Data shown -

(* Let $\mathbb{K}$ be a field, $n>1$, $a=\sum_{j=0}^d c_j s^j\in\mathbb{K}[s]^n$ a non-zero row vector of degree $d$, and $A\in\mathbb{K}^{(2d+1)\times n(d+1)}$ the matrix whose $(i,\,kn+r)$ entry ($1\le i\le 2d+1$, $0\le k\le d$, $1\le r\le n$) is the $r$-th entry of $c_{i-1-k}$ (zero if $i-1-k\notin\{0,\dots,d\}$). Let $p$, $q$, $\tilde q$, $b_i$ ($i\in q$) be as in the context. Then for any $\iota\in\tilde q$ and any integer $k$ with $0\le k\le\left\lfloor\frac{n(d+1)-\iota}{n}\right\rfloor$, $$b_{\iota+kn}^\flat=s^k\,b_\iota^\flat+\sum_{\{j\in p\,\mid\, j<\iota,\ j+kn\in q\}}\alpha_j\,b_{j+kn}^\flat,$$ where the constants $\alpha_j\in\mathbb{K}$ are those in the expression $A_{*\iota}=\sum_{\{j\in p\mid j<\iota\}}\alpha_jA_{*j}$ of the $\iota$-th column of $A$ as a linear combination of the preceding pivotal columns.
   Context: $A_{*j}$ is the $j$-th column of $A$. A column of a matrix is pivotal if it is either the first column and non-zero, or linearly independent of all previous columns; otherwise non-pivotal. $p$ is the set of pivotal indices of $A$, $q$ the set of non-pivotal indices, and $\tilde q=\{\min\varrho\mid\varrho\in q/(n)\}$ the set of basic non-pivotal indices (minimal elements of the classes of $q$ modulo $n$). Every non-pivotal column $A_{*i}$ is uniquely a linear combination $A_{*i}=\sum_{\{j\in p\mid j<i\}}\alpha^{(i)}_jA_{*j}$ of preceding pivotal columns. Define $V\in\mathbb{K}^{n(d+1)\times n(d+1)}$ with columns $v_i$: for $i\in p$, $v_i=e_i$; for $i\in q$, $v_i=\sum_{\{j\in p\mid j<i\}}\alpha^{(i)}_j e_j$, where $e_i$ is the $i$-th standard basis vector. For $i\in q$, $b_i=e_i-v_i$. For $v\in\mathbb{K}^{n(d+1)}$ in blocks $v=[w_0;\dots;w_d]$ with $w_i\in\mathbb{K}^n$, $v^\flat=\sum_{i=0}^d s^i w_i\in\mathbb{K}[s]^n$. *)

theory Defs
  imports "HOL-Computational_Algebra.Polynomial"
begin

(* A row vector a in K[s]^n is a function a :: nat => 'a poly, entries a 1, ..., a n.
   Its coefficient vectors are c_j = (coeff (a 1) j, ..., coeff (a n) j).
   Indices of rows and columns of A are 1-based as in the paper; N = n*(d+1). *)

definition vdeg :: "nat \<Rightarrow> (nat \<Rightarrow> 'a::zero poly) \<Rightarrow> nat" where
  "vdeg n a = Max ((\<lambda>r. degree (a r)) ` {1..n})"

Problem statement - Transcribe exactly the line containing "(nat \<Rightarrow> 'a::zero" and all remaining lines of the material, ending with the last one.

Task answer -
definition vdeg :: "nat \<Rightarrow> (nat \<Rightarrow> 'a::zero poly) \<Rightarrow> nat" where
  "vdeg n a = Max ((\<lambda>r. degree (a r)) ` {1..n})"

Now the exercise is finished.